Task directions: Look through the data below and return each line where "open" appears.

Data to examine:
==============================

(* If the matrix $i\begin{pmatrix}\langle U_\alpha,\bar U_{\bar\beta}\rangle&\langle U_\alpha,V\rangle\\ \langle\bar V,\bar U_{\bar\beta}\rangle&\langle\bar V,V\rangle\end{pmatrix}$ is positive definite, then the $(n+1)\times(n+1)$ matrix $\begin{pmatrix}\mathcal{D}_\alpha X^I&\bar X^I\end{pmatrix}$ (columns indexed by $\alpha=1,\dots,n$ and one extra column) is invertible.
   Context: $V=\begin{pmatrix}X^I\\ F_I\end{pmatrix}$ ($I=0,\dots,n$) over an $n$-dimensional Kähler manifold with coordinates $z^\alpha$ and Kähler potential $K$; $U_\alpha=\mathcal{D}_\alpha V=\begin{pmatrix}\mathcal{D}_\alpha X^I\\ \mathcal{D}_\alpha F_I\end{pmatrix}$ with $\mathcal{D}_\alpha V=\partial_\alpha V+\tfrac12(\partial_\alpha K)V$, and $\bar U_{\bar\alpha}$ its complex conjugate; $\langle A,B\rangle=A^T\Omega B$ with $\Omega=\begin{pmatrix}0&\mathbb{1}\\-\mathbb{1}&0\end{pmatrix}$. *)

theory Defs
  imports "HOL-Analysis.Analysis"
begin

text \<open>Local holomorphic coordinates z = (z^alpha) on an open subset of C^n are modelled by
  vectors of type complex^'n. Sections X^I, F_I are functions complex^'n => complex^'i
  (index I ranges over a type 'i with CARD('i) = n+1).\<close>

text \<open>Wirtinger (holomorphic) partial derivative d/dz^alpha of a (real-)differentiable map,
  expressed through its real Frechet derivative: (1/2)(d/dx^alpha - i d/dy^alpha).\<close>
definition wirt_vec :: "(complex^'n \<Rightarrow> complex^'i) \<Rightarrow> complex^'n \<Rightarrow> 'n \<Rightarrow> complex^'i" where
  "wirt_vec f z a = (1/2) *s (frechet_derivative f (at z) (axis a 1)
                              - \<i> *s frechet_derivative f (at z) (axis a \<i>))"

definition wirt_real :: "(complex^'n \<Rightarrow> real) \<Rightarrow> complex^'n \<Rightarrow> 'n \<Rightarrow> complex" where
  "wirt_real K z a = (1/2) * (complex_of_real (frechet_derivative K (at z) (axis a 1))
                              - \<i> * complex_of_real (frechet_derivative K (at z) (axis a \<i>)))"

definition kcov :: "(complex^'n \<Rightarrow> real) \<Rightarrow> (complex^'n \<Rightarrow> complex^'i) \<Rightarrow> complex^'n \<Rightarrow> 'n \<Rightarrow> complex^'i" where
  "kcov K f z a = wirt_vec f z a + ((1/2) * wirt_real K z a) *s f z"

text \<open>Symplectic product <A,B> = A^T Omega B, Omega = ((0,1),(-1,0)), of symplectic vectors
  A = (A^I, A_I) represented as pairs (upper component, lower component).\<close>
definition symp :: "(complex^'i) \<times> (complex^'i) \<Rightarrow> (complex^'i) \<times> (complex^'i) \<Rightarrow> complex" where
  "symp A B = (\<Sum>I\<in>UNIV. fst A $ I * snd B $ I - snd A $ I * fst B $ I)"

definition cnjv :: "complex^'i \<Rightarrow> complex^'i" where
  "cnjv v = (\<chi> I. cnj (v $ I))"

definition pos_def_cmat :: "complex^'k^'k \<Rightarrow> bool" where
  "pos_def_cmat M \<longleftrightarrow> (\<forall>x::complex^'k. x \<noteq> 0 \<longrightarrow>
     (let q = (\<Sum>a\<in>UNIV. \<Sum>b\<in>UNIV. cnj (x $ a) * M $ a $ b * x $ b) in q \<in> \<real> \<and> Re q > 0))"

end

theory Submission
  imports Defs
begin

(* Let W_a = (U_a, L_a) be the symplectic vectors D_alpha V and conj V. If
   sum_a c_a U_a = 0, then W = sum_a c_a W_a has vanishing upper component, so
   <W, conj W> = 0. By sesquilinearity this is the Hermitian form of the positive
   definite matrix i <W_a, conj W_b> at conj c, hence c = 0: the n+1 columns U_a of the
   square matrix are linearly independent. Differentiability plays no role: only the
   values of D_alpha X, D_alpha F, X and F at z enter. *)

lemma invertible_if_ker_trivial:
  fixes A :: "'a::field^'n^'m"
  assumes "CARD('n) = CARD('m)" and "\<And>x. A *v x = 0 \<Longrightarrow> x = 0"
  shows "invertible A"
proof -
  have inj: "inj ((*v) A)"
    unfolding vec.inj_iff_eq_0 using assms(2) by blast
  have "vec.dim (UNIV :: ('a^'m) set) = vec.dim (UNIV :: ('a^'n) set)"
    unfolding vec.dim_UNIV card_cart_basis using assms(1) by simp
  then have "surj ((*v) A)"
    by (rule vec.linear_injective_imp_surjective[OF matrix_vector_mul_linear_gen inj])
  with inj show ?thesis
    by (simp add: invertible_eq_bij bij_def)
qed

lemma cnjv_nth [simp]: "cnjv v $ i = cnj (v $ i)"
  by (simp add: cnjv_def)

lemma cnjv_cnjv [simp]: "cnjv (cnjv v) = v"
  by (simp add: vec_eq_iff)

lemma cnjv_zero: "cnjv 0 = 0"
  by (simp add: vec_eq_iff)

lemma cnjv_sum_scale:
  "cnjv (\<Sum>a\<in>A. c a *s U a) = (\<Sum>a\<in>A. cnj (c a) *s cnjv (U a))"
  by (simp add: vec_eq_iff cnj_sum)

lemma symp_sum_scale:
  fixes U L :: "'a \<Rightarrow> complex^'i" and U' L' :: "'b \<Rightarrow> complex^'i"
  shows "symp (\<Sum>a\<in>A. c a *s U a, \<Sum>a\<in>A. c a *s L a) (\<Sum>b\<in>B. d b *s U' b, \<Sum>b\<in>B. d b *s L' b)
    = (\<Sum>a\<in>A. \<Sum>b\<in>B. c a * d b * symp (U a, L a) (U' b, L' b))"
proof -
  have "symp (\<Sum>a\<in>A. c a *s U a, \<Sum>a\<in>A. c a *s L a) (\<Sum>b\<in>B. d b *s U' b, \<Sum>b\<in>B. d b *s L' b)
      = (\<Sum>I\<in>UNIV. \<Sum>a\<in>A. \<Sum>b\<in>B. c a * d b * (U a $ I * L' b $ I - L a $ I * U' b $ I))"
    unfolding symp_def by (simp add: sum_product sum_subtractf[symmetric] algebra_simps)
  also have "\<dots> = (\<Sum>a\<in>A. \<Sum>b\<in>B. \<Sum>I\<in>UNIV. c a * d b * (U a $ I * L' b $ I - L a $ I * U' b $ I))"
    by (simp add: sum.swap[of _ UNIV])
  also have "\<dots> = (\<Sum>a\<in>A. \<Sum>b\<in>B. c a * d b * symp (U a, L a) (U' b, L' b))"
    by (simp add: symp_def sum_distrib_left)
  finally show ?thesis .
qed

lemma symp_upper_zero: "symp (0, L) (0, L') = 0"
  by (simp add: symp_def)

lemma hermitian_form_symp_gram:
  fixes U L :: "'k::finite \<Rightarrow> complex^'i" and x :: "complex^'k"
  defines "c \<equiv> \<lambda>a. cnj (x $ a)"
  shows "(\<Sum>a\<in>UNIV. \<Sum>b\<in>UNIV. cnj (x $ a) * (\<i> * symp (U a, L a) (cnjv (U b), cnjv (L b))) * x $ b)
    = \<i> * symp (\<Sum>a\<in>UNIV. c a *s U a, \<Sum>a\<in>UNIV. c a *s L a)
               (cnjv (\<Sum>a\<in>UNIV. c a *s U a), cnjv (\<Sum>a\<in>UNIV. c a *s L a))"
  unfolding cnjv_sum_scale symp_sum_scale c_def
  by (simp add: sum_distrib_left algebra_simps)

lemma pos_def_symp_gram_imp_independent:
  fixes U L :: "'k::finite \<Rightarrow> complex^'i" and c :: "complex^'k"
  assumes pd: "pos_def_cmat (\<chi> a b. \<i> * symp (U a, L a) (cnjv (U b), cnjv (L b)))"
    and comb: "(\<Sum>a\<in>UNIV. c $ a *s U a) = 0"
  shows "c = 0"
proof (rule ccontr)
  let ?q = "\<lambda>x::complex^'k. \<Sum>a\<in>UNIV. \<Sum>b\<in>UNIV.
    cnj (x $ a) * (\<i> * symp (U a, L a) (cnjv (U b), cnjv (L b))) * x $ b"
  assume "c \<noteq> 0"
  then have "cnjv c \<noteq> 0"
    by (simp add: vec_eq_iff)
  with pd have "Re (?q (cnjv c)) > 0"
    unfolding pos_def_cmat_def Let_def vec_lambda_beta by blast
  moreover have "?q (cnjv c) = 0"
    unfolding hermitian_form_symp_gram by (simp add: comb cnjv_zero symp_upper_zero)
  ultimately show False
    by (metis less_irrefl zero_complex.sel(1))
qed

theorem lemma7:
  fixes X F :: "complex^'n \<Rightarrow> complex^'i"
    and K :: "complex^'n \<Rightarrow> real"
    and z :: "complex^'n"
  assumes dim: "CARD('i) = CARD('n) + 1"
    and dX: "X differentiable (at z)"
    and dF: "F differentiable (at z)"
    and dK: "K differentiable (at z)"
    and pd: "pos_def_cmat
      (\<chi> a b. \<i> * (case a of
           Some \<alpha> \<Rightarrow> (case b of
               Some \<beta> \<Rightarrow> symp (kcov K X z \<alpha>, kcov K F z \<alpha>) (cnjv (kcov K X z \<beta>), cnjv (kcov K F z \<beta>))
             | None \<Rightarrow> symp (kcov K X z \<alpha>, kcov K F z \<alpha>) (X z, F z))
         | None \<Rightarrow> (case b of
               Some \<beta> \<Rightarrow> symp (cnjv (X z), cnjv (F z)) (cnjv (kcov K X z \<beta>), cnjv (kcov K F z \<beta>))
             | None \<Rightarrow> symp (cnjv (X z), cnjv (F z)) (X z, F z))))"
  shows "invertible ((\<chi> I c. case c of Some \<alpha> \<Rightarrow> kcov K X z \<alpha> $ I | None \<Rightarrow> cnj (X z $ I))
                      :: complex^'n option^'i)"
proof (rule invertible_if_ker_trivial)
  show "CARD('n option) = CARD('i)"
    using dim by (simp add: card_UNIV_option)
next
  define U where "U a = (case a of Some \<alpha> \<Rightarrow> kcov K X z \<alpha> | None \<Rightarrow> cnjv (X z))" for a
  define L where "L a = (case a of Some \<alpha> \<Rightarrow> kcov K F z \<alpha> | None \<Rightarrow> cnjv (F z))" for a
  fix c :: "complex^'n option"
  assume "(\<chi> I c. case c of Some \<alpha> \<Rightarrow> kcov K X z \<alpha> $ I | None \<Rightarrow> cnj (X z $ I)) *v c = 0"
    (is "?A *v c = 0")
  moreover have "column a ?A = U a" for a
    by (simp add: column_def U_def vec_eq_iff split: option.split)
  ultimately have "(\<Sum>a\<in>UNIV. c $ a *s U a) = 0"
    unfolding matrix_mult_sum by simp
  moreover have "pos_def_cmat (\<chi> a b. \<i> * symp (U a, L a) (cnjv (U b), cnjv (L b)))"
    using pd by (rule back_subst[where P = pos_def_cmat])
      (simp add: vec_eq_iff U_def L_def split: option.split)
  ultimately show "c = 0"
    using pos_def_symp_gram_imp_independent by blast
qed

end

==============================

Output of the exercise:
text \<open>Local holomorphic coordinates z = (z^alpha) on an open subset of C^n are modelled by
text \<open>Wirtinger (holomorphic) partial derivative d/dz^alpha of a (real-)differentiable map,
text \<open>Symplectic product <A,B> = A^T Omega B, Omega = ((0,1),(-1,0)), of symplectic vectors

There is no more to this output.